Beneath this instruction is a listing. Transcribe from it only the stretch from the line with "case (insert x S)" through the line with "unfolding a_def c_def", both end lines included, exactly as written.

● **Material shown**
==========

(* Let $G=\theta_{d_1,\dots,d_\ell}$ be a generalized theta graph with $\ell\ge1$ paths and $d_i\ge1$ for all $i$. Then Broadcast is solvable on $G$ with $k$ ignorant agents for every $k\ge \ell$ (with $k+1$ not exceeding the number of nodes of $G$).
   Context: Generalized theta graph: $\theta_{d_1,\dots,d_\ell}$ consists of two distinct fixed nodes $N,S$ (the poles) joined by $\ell$ internally vertex-disjoint paths, the $i$-th of which has exactly $d_i\ge 1$ internal nodes. Broadcast model: a connected base graph $G=(V,E)$ with $n$ nodes. There is one source agent holding a message $\mathcal M$ and $k\ge1$ ignorant agents (agents not holding $\mathcal M$); initially all agents occupy pairwise distinct nodes, the initial placement being chosen by the adversary. Time proceeds in synchronous rounds; in each round: (1) the adversary removes a (possibly empty) set $E'\subseteq E$ of edges such that $(V,E\setminus E')$ is connected; (2) each agent (agents have unique IDs, local memory, and see the entire current graph, the positions of all agents and which agents hold $\mathcal M$) chooses either to stay or to traverse an edge of $E\setminus E'$ incident to its current node; (3) agents move. Whenever an ignorant agent is at the same node as an agent holding $\mathcal M$, it receives $\mathcal M$ and becomes a source agent. The adversary is adaptive and knows the agents' strategy. Broadcast is solvable on $G$ with $k$ ignorant agents if the agents have a strategy such that, for every initial placement and every adversary behaviour, after finitely many rounds all agents hold $\mathcal M$; otherwise the adversary is said to have a winning strategy. *)

theory Defs
  imports Main
begin

definition graph_connected :: "'v set \<Rightarrow> 'v set set \<Rightarrow> bool" where
  "graph_connected V E \<longleftrightarrow>
     (\<forall>u\<in>V. \<forall>v\<in>V. (u, v) \<in> {(x, y). {x, y} \<in> E}\<^sup>*)"

datatype tnode = North | South | Inner nat nat

definition theta_V :: "nat \<Rightarrow> (nat \<Rightarrow> nat) \<Rightarrow> tnode set" where
  "theta_V l d = {North, South} \<union> {Inner i j | i j. i < l \<and> j < d i}"

definition theta_E :: "nat \<Rightarrow> (nat \<Rightarrow> nat) \<Rightarrow> tnode set set" where
  "theta_E l d =
     {{North, Inner i 0} | i. i < l}
   \<union> {{Inner i j, Inner i (Suc j)} | i j. i < l \<and> Suc j < d i}
   \<union> {{Inner i (d i - 1), South} | i. i < l}"

text \<open>Agents are 0..k (k+1 agents); s is the ID of the source agent.
  A (full-information) strategy sigma maps the initial placement p0, the
  source ID s and the list of edge sets removed by the adversary so far
  (including the current round) to the new positions of all agents. Since all
  agents see everything and the game is deterministic, this history determines
  the whole past play.\<close>

type_synonym 'v strategy = "(nat \<Rightarrow> 'v) \<Rightarrow> nat \<Rightarrow> 'v set set list \<Rightarrow> (nat \<Rightarrow> 'v)"

fun bc_run :: "nat \<Rightarrow> 'v strategy \<Rightarrow> (nat \<Rightarrow> 'v) \<Rightarrow> nat \<Rightarrow> (nat \<Rightarrow> 'v set set)
               \<Rightarrow> nat \<Rightarrow> (nat \<Rightarrow> 'v) \<times> nat set" where
  "bc_run k \<sigma> p0 s R 0 = (p0, {s})"
| "bc_run k \<sigma> p0 s R (Suc t) =
     (let (p, I) = bc_run k \<sigma> p0 s R t;
          p' = \<sigma> p0 s (map R [0..<Suc t])
      in (p', I \<union> {a. a \<le> k \<and> (\<exists>b\<in>I. b \<le> k \<and> p' a = p' b)}))"

definition broadcast_solvable :: "'v set \<Rightarrow> 'v set set \<Rightarrow> nat \<Rightarrow> bool" where
  "broadcast_solvable V E k \<longleftrightarrow>
     (\<exists>\<sigma> :: 'v strategy.
       \<forall>p0 s R.
         inj_on p0 {..k} \<and> p0 ` {..k} \<subseteq> V \<and> s \<le> k \<and>
         (\<forall>t. R t \<subseteq> E \<and> graph_connected V (E - R t))
         \<longrightarrow>
         (\<forall>t. \<forall>a\<le>k.
             let p = fst (bc_run k \<sigma> p0 s R t);
                 p' = fst (bc_run k \<sigma> p0 s R (Suc t))
             in p' a = p a \<or> {p a, p' a} \<in> E - R t)
         \<and> (\<exists>t. {..k} \<subseteq> snd (bc_run k \<sigma> p0 s R t)))"

end

theory Submission
  imports Defs
begin

text \<open>
  An edge set removed by the adversary keeps the theta graph connected only if it cuts every
  path at most once and leaves some path intact.

  In the strategy, the least agent at North, the anchor, never moves. The agents whose
  status differs from the anchor's (all agents if North is empty) are movers; they try to
  reach North, where they would meet the anchor. The others are helpers; they sweep the paths
  and try to meet movers. While the informed set does not grow, the anchor's status is
  preserved and a lexicographic potential (whether North is empty, the positions of the movers,
  the positions of the helpers) does not increase and strictly decreases unless no agent moves.
  In a round in which no agent moves, every agent but the anchor is the unique top mover or
  the unique lowest helper on its own path, and that path is cut. All these paths differ from
  an intact one, so there are at most \<open>l - 1\<close> such agents, contradicting \<open>k \<ge> l\<close>.
\<close>

section \<open>Edges of the theta graph\<close>

text \<open>Edge \<open>i \<le> d q\<close> of path \<open>q\<close> is the one just above node \<open>Inner q i\<close>, or above
  South if \<open>i = d q\<close>.\<close>

definition path_edge :: "(nat \<Rightarrow> nat) \<Rightarrow> nat \<Rightarrow> nat \<Rightarrow> tnode set" where
  "path_edge d q i =
     (if i = 0 then {North, Inner q 0}
      else if i < d q then {Inner q (i - 1), Inner q i}
      else {Inner q (d q - 1), South})"

definition node_above :: "nat \<Rightarrow> nat \<Rightarrow> tnode" where
  "node_above q j = (if j = 0 then North else Inner q (j - 1))"

definition node_below :: "(nat \<Rightarrow> nat) \<Rightarrow> nat \<Rightarrow> nat \<Rightarrow> tnode" where
  "node_below d q j = (if Suc j < d q then Inner q (Suc j) else South)"

lemma Inner_in_theta_V: "Inner q j \<in> theta_V l d \<longleftrightarrow> q < l \<and> j < d q"
  unfolding theta_V_def by auto

lemma poles_in_theta_V: "North \<in> theta_V l d" "South \<in> theta_V l d"
  unfolding theta_V_def by auto

lemma path_edge_in_theta_E:
  assumes "q < l" "i \<le> d q" "d q \<ge> 1"
  shows "path_edge d q i \<in> theta_E l d"
proof -
  consider "i = 0" | "0 < i" "i < d q" | "i = d q" "i > 0"
    using assms by linarith
  then show ?thesis
  proof cases
    case 2
    then have "path_edge d q i = {Inner q (i - 1), Inner q (Suc (i - 1))}"
      unfolding path_edge_def by simp
    with 2 assms show ?thesis unfolding theta_E_def by force
  qed (use assms in \<open>auto simp: path_edge_def theta_E_def\<close>)
qed

lemma path_edge_above: "j < d q \<Longrightarrow> path_edge d q j = {Inner q j, node_above q j}"
  unfolding path_edge_def node_above_def by (auto simp: insert_commute)

lemma path_edge_below: "j < d q \<Longrightarrow> path_edge d q (Suc j) = {Inner q j, node_below d q j}"
  unfolding path_edge_def node_below_def by auto

lemma theta_E_at_North:
  assumes "{North, y} \<in> theta_E l d"
  obtains q where "q < l" "y = Inner q 0" "{North, y} = path_edge d q 0"
  using assms unfolding theta_E_def path_edge_def by (auto simp: doubleton_eq_iff)
(* Let $\mathbf d\in\mathbb Z^n$ with $m=d_1+\dots+d_n$ and $\gcd(m,n)=1$. Then $y^{\mathbf d}s_1\cdots s_{n-1}$ is conjugate in $\widetilde{S_n}$ to $\pi^m$, and $\pi^m$ is an element of minimal length in this conjugacy class.
   Context: $\widetilde{S_n}$ is identified with the group of bijections $v:\mathbb Z\to\mathbb Z$ with $v(m+n)=v(m)+n$; $s_i$ ($i\in\mathbb Z/n$) swaps $i$ and $i+1$ (periodically extended), $\pi(m)=m+1$, $y_i(m)=m+n$ if $m\equiv i\bmod n$ and $y_i(m)=m$ otherwise ($1\le i\le n$); $y^{\mathbf d}=y_1^{d_1}\cdots y_n^{d_n}$. $\widehat{S_n}$ is the Coxeter group generated by $s_0,\dots,s_{n-1}$; every $v\in\widetilde{S_n}$ is uniquely $\pi^k\alpha$ with $\alpha\in\widehat{S_n}$, and the length is $\ell(v):=\ell(\alpha)$ (Coxeter length), so $\ell(\pi^k)=0$. *)

theory Defs
  imports Main
begin

text \<open>Extended affine symmetric group: bijections v of the integers with v(m+n) = v(m)+n.
  Group product is composition of functions.\<close>
definition ext_aff :: "nat \<Rightarrow> (int \<Rightarrow> int) set" where
  "ext_aff n = {v. bij v \<and> (\<forall>m. v (m + int n) = v m + int n)}"

definition s_refl :: "nat \<Rightarrow> int \<Rightarrow> int \<Rightarrow> int" where
  "s_refl n i m = (if m mod int n = i mod int n then m + 1
                   else if m mod int n = (i + 1) mod int n then m - 1 else m)"

definition pi_shift :: "int \<Rightarrow> int" where
  "pi_shift m = m + 1"

definition y_gen :: "nat \<Rightarrow> nat \<Rightarrow> int \<Rightarrow> int" where
  "y_gen n i m = (if m mod int n = int i mod int n then m + int n else m)"

definition fpow :: "('a \<Rightarrow> 'a) \<Rightarrow> int \<Rightarrow> 'a \<Rightarrow> 'a" where
  "fpow f k = (if 0 \<le> k then f ^^ nat k else (inv f) ^^ nat (- k))"

definition comp_list :: "('a \<Rightarrow> 'a) list \<Rightarrow> 'a \<Rightarrow> 'a" where
  "comp_list fs = foldr (\<circ>) fs id"

definition y_pow :: "nat \<Rightarrow> (nat \<Rightarrow> int) \<Rightarrow> int \<Rightarrow> int" where
  "y_pow n d = comp_list (map (\<lambda>i. fpow (y_gen n i) (d i)) [1..<n+1])"
text \<open>
  Double counting the pairs \<open>(p, y)\<close> with \<open>p S \<subseteq> K\<close>, \<open>y \<notin> S\<close> and \<open>p y \<in> K\<close>: by the symmetry
  above, every \<open>y \<in> U - S\<close> contributes equally.
\<close>

lemma card_permutes_image_insert:
  assumes "finite U" and "S \<subseteq> U" and "K \<subseteq> U" and "x \<in> U" "x \<notin> S"
  shows "card {p. p permutes U \<and> p ` insert x S \<subseteq> K} * (card U - card S)
       = card {p. p permutes U \<and> p ` S \<subseteq> K} * (card K - card S)"
proof -
  define A where "A = {p. p permutes U \<and> p ` S \<subseteq> K}"
  have "finite A"
    unfolding A_def using finite_permutations[OF \<open>finite U\<close>] by (rule finite_subset[rotated]) auto
  have "{p\<in>A. p y \<in> K} = {p. p permutes U \<and> p ` insert y S \<subseteq> K}" for y
    by (auto simp: A_def)
  then have "card {p\<in>A. p y \<in> K} = card {p. p permutes U \<and> p ` insert x S \<subseteq> K}"
    if "y \<in> U - S" for y
    using card_permutes_image_insert_eq[of U x S y K] that assms by simp
  then have "(\<Sum>y\<in>U - S. card {p\<in>A. p y \<in> K})
      = card (U - S) * card {p. p permutes U \<and> p ` insert x S \<subseteq> K}"
    by simp
  also have "(\<Sum>y\<in>U - S. card {p\<in>A. p y \<in> K}) = (\<Sum>p\<in>A. card {y\<in>U - S. p y \<in> K})"
    using \<open>finite A\<close> \<open>finite U\<close> by (intro sum_card_filter_swap) simp_all
  also have "\<dots> = card A * (card K - card S)"
    using card_permutes_preimage_outside[OF \<open>finite U\<close> \<open>S \<subseteq> U\<close> \<open>K \<subseteq> U\<close>] by (simp add: A_def)
  finally show ?thesis
    using card_Diff_subset[OF finite_subset[OF \<open>S \<subseteq> U\<close> \<open>finite U\<close>] \<open>S \<subseteq> U\<close>]
    by (simp add: A_def mult.commute)
qed

lemma card_permutes_image_subset_le:
  assumes "finite U" and "K \<subseteq> U" and "S \<subseteq> U"
  shows "card {p. p permutes U \<and> p ` S \<subseteq> K} * card U ^ card S \<le> fact (card U) * card K ^ card S"
  using finite_subset[OF \<open>S \<subseteq> U\<close> \<open>finite U\<close>] \<open>S \<subseteq> U\<close>
proof (induction S rule: finite_induct)
  case empty
  then show ?case
    using card_permutations[OF refl \<open>finite U\<close>] by simp
next
  case (insert x S)
  define a where "a = card {p. p permutes U \<and> p ` S \<subseteq> K}"
  define c where "c = card {p. p permutes U \<and> p ` insert x S \<subseteq> K}"
  have IH: "a * card U ^ card S \<le> fact (card U) * card K ^ card S"
    using insert by (simp add: a_def)
  have rec: "c * (card U - card S) = a * (card K - card S)"
    using card_permutes_image_insert[OF \<open>finite U\<close> _ \<open>K \<subseteq> U\<close>, of S x] insert by (simp add: a_def c_def)
  have "c \<le> a"
    unfolding a_def c_def using finite_permutations[OF \<open>finite U\<close>]
    by (intro card_mono) (auto intro: finite_subset[rotated])
  have "card S < card U"
    using insert \<open>finite U\<close> by (metis insert_subset psubsetI psubset_card_mono)
  have step: "c * card U \<le> a * card K"
  proof (cases "card S \<le> card K")
    case True
    have "c * card U = c * (card U - card S) + c * card S"
      using \<open>card S < card U\<close> by (simp flip: add_mult_distrib2)
    also have "\<dots> \<le> a * (card K - card S) + a * card S"
      using rec \<open>c \<le> a\<close> by simp
    also have "\<dots> = a * card K"
      using True by (simp flip: add_mult_distrib2)
    finally show ?thesis .
  next
    case False
    then show ?thesis
      using rec \<open>card S < card U\<close> by simp
  qed
  have "c * card U ^ card (insert x S) = (c * card U) * card U ^ card S"
    using insert by simp
  also have "\<dots> \<le> (a * card U ^ card S) * card K"
    using step by (simp add: mult.commute mult.left_commute)
  also have "\<dots> \<le> fact (card U) * card K ^ card (insert x S)"
    using mult_right_mono[OF IH, of "card K"] insert by simp
  finally show ?case
    by (simp add: c_def)
qed
(* Let $k$ be a field, $U$ a three-dimensional $k$-vector space, and $\phi_3\in D_3U^*$. Assume (a) either the characteristic of $k$ is not two, or the characteristic of $k$ is two but $\phi_3\neq x^*y^*z^*$ for every basis $x^*,y^*,z^*$ of $U^*$; and (b) $\ell\phi_3\neq0$ for every nonzero $\ell\in U$. Then $\Gamma_{\phi_3}:D_3U\otimes\bigwedge^3U\to\bigwedge^3U^*$ is not identically zero.
   Context: $U^*=\operatorname{Hom}_k(U,k)$, $D_iU^*=\operatorname{Hom}_k(\operatorname{Sym}_iU,k)$; $D_\bullet U^*$ is the divided power algebra, a module over $\operatorname{Sym}_\bullet U$ via $(uv)(u')=v(uu')$. For a basis $x,y,z$ of $U$ with dual basis $x^*,y^*,z^*$, $x^*y^*z^*$ is the element of $D_3U^*$ taking value $1$ on $xyz$ and $0$ on all other cubic monomials. $D_3U$ is the degree-$3$ divided power of $U$; for $X\in D_3U$, $\Delta(X)\in U^{\otimes3}$ is its comultiplication (for $X=\ell_1^{(e_1)}\cdots\ell_s^{(e_s)}$ with $\sum e_j=3$, the sum of all distinct words $u_1\otimes u_2\otimes u_3$ in which the symbol $\ell_j$ occurs exactly $e_j$ times, extended linearly). $\Gamma_{\phi_3}(X\otimes y_1\wedge y_2\wedge y_3)=\sum(u_1y_1\phi_3)\wedge(u_2y_2\phi_3)\wedge(u_3y_3\phi_3)$, summed over the terms of $\Delta(X)$, with $u_iy_i\in\operatorname{Sym}_2U$ acting on $\phi_3$ to give elements of $U^*$. *)

theory Defs
  imports "HOL-Analysis.Analysis"
begin

text \<open>Coordinates: U = k^3 with standard basis e_1,e_2,e_3 (axis t 1); U^* is identified
with k^3 via coordinates w.r.t. the dual basis, i.e. f \<mapsto> (f(e_1),f(e_2),f(e_3)).
A cubic monomial of Sym_3 U (resp. divided power monomial of D_3 U) is recorded by its
exponent function 3 => nat.\<close>

definition mono3 :: "3 \<Rightarrow> 3 \<Rightarrow> 3 \<Rightarrow> (3 \<Rightarrow> nat)" where
  "mono3 i j k = (\<lambda>t. of_bool (i = t) + of_bool (j = t) + of_bool (k = t))"

text \<open>An element phi of D_3 U^* = Hom(Sym_3 U, k) is given by its values phi m on the cubic
monomials m = e_1^a e_2^b e_3^c (exponent functions with sum 3).  sym3_eval phi u v w is
the value of phi on the product u v w in Sym_3 U.\<close>

definition sym3_eval :: "((3 \<Rightarrow> nat) \<Rightarrow> 'a::field) \<Rightarrow> 'a^3 \<Rightarrow> 'a^3 \<Rightarrow> 'a^3 \<Rightarrow> 'a" where
  "sym3_eval phi u v w =
     (\<Sum>i\<in>UNIV. \<Sum>j\<in>UNIV. \<Sum>k\<in>UNIV. u$i * v$j * w$k * phi (mono3 i j k))"

text \<open>The element l phi of D_2 U^* (for l in U), given by its values on the quadratic
monomials e_i e_j: (l phi)(e_i e_j) = phi(l e_i e_j).\<close>

definition act1 :: "((3 \<Rightarrow> nat) \<Rightarrow> 'a::field) \<Rightarrow> 'a^3 \<Rightarrow> (3 \<Rightarrow> 3 \<Rightarrow> 'a)" where
  "act1 phi l = (\<lambda>i j. sym3_eval phi l (axis i 1) (axis j 1))"

text \<open>The element (u v) phi of U^* (for u v in Sym_2 U), in dual coordinates.\<close>

definition act2 :: "((3 \<Rightarrow> nat) \<Rightarrow> 'a::field) \<Rightarrow> 'a^3 \<Rightarrow> 'a^3 \<Rightarrow> 'a^3" where
  "act2 phi u v = (\<chi> t. sym3_eval phi u v (axis t 1))"

text \<open>phi = x^* y^* z^* for some basis x^*,y^*,z^* of U^*, expressed through the dual basis
x,y,z of U (rows of the invertible matrix b): phi takes value 1 on xyz and 0 on all other
cubic monomials in x,y,z.\<close>

definition is_xyz :: "((3 \<Rightarrow> nat) \<Rightarrow> 'a::field) \<Rightarrow> bool" where
  "is_xyz phi \<longleftrightarrow> (\<exists>b :: 'a^3^3. det b \<noteq> 0 \<and>
      sym3_eval phi (b$1) (b$2) (b$3) = 1 \<and>
      (\<forall>p q r. (p = q \<or> q = r \<or> p = r) \<longrightarrow> sym3_eval phi (b$p) (b$q) (b$r) = 0))"
lemma kkt_exists_in_block_duals:
  fixes a :: "'i::{finite,linorder} \<Rightarrow> 'a::euclidean_space" and c :: "'i \<Rightarrow> 'b"
  assumes w: "\<forall>i. w i > 0" and lam: "0 \<le> lam"
    and bound: "\<forall>k l. k < l \<and> c k = c l \<longrightarrow> norm (\<delta>'$k$l) \<le> lam"
    and bal: "block_balanced a w c \<delta>'"
  shows "\<exists>\<delta>\<in>block_duals c lam \<delta>'. kkt a w lam \<delta>"
proof -
  let ?K = "block_duals c lam \<delta>'"
  have "(\<chi> k l. if k < l \<and> c k = c l then \<delta>'$k$l else 0) \<in> ?K"
    using bound lam by (intro block_dualsI) (auto simp: anti_def)
  moreover have "compact ?K"
    unfolding compact_eq_bounded_closed using closed_block_duals bounded_block_duals by blast
  ultimately obtain \<delta> where \<delta>: "\<delta> \<in> ?K" and max: "\<forall>\<delta>2\<in>?K. dual_fun a w \<delta>2 \<le> dual_fun a w \<delta>"
    using continuous_attains_sup[OF _ _ continuous_on_dual_fun] by blast
  let ?x = "primal_point a w \<delta>"
  have "aligned_dual lam ?x \<delta> \<in> ?K"
    using aligned_dual_in_block_duals[OF \<delta> lam] primal_point_block_constant[OF \<delta> bal] by blast
  then have "\<delta> + t *\<^sub>R (aligned_dual lam ?x \<delta> - \<delta>) \<in> ?K" if "0 \<le> t" "t \<le> 1" for t
    using convexD_alt[OF convex_block_duals \<delta> _ that] by (simp add: algebra_simps)
  then have "(\<Sum>i\<in>UNIV. \<Sum>j\<in>{j. i < j}.
      w i * w j * ((aligned_dual lam ?x \<delta> - \<delta>)$i$j \<bullet> (?x j - ?x i))) \<le> 0"
    using max by (intro dual_fun_first_order) auto
  moreover have "\<forall>i j. i < j \<longrightarrow> norm (\<delta>$i$j) \<le> lam" using block_dualsD(1)[OF \<delta>] by blast
  ultimately show ?thesis using kkt_of_first_order[OF w] \<delta> by blast
qed

section \<open>Optimal duals at a non-fusion value\<close>

text \<open>With singleton blocks nothing is prescribed.\<close>
lemma kkt_exists:
  fixes a :: "'i::{finite,linorder} \<Rightarrow> 'a::euclidean_space"
  assumes "\<forall>i. w i > 0" and "0 \<le> lam"
  shows "\<exists>\<delta>. kkt a w lam \<delta>"
  using kkt_exists_in_block_duals[of w lam "\<lambda>k. k" 0 a] assms
  by (auto simp: block_balanced_def)

lemma dsocp_delta_set_of_kkt:
  assumes "\<forall>i. w i > 0" and "kkt a w lam \<delta>" and "\<forall>k l. \<not> k < l \<longrightarrow> \<delta>$k$l = 0"
  shows "\<delta> \<in> dsocp_delta_set a w lam"
  unfolding dsocp_delta_set_def using assms(3) dsocp_optimal_of_kkt[OF assms(1,2)] by blast

text \<open>Keeping the entries of an optimal dual of \<open>\<lambda>' < \<lambda>\<close> inside the clusters of \<open>\<lambda>'\<close> yields
  an optimal dual of \<open>\<lambda>\<close> whose entries there are bounded by \<open>\<lambda>'\<close>.\<close>
lemma dsocp_delta_set_norm_lt:
  fixes a :: "'i::{finite,linorder} \<Rightarrow> 'a::euclidean_space"
  assumes w: "\<forall>i. w i > 0" and lam: "lam > 0" and not_fusion: "\<not> fusion_value a w lam"
    and ij: "i < j" and fused: "xstar a w lam i = xstar a w lam j"
  shows "\<exists>\<delta>\<in>dsocp_delta_set a w lam. norm (\<delta>$i$j) < lam"
proof -
  have "i \<noteq> j" using ij by simp
  then obtain lam' where lam': "0 < lam'" "lam' < lam" and fused': "xstar a w lam' i = xstar a w lam' j"
    using not_fusion lam fused unfolding fusion_value_def by blast
  obtain \<delta>0 :: "(('a, 'i) vec, 'i) vec" where K0: "kkt a w lam' \<delta>0"
    using kkt_exists[OF w less_imp_le[OF lam'(1)]] by blast
  let ?x0 = "primal_point a w \<delta>0"
  have bound0: "norm (\<delta>0$k$l) < lam" if "k < l" for k l
    using K0 that lam'(2) unfolding kkt_def by (meson le_less_trans)
  then have "\<forall>k l. k < l \<and> ?x0 k = ?x0 l \<longrightarrow> norm (\<delta>0$k$l) \<le> lam" by (simp add: less_imp_le)
  then obtain \<delta> where \<delta>: "\<delta> \<in> block_duals ?x0 lam \<delta>0" and K: "kkt a w lam \<delta>"
    using kkt_exists_in_block_duals[OF w less_imp_le[OF lam] _ block_balanced_of_kkt[OF K0]] by blast
  have "?x0 i = ?x0 j" using fused' xstar_eq_primal_point[OF w K0] by simp
  then have "norm (\<delta>$i$j) < lam" using block_dualsD(3)[OF \<delta> ij] bound0[OF ij] by simp
  moreover have "\<delta> \<in> dsocp_delta_set a w lam"
    using block_dualsD(2)[OF \<delta>] by (intro dsocp_delta_set_of_kkt[OF w K]) blast
  ultimately show ?thesis by blast
qed

lemma norm_le_of_mem_dsocp_delta_set:
  "\<delta> \<in> dsocp_delta_set a w lam \<Longrightarrow> i < j \<Longrightarrow> norm (\<delta>$i$j) \<le> lam"
  by (auto simp: dsocp_delta_set_def dsocp_optimal_def dsocp_feasible_def)

theorem lemma7p2:
  fixes a :: "'i::{finite,linorder} \<Rightarrow> 'a::euclidean_space"
    and w :: "'i \<Rightarrow> real"
    and lam p' \<mu> :: real
    and \<delta>a :: "(('a, 'i) vec, 'i) vec"
  assumes "CARD('i) \<ge> 2"
    and "\<forall>i. w i > 0"
    and "lam > 0"
    and "\<not> fusion_value a w lam"
    and "\<delta>a \<in> rel_interior (dsocp_delta_set a w lam)"
    and "p' \<ge> 0" and "\<mu> \<ge> 0"
  shows "(cluster_pairs a w lam \<noteq> {} \<longrightarrow> cluster_gap a w lam \<delta>a > 0) \<and>
         (\<forall>\<delta> :: (('a, 'i) vec, 'i) vec.
            (\<forall>i j. i < j \<longrightarrow> norm (\<delta>$i$j - \<delta>a$i$j) \<le> p' * \<mu>) \<longrightarrow>
            (\<forall>i j. i < j \<and> same_cluster a w lam i j \<longrightarrow>
                norm (\<delta>$i$j) \<le> lam - cluster_gap a w lam \<delta>a + p' * \<mu>))"
proof -
  let ?S = "dsocp_delta_set a w lam" and ?P = "cluster_pairs a w lam"
  have strict: "norm (\<delta>a$i$j) < lam" if "(i, j) \<in> ?P" for i j
  proof -
    have ij: "i < j" and fused: "xstar a w lam i = xstar a w lam j"
      using that by (simp_all add: cluster_pairs_def same_cluster_def)
    obtain \<delta> where "\<delta> \<in> ?S" and "norm (\<delta>$i$j) < lam"
      using dsocp_delta_set_norm_lt[OF assms(2-4) ij fused] by blast
    moreover have "\<forall>z\<in>?S. norm (z$i$j) \<le> lam"
      using ij norm_le_of_mem_dsocp_delta_set by blast
    ultimately show ?thesis
      using convex_on_lt_in_rel_interior[OF convex_on_norm_vec_nth_nth _ _ _ assms(5)] by blast
  qed
  have gap_le: "cluster_gap a w lam \<delta>a \<le> lam - norm (\<delta>a$i$j)" if "(i, j) \<in> ?P" for i j
    unfolding cluster_gap_def using that by (intro Min_le) force+
  show ?thesis
  proof (intro conjI impI allI)
    assume "?P \<noteq> {}"
    then show "0 < cluster_gap a w lam \<delta>a"
      unfolding cluster_gap_def using strict by (subst Min_gr_iff) auto
  next
    fix \<delta> :: "(('a, 'i) vec, 'i) vec" and i j
    assume close: "\<forall>i j. i < j \<longrightarrow> norm (\<delta>$i$j - \<delta>a$i$j) \<le> p' * \<mu>"
      and pair: "i < j \<and> same_cluster a w lam i j"
    then have "norm (\<delta>$i$j - \<delta>a$i$j) \<le> p' * \<mu>" and "(i, j) \<in> ?P"
      by (auto simp: cluster_pairs_def)
    then show "norm (\<delta>$i$j) \<le> lam - cluster_gap a w lam \<delta>a + p' * \<mu>"
      using gap_le norm_triangle_sub[of "\<delta>$i$j" "\<delta>a$i$j"] by fastforce
  qed
qed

==========

● **Response to this task**
  case (insert x S)
  define a where "a = card {p. p permutes U \<and> p ` S \<subseteq> K}"
  define c where "c = card {p. p permutes U \<and> p ` insert x S \<subseteq> K}"
  have IH: "a * card U ^ card S \<le> fact (card U) * card K ^ card S"
    using insert by (simp add: a_def)
  have rec: "c * (card U - card S) = a * (card K - card S)"
    using card_permutes_image_insert[OF \<open>finite U\<close> _ \<open>K \<subseteq> U\<close>, of S x] insert by (simp add: a_def c_def)
  have "c \<le> a"
    unfolding a_def c_def using finite_permutations[OF \<open>finite U\<close>]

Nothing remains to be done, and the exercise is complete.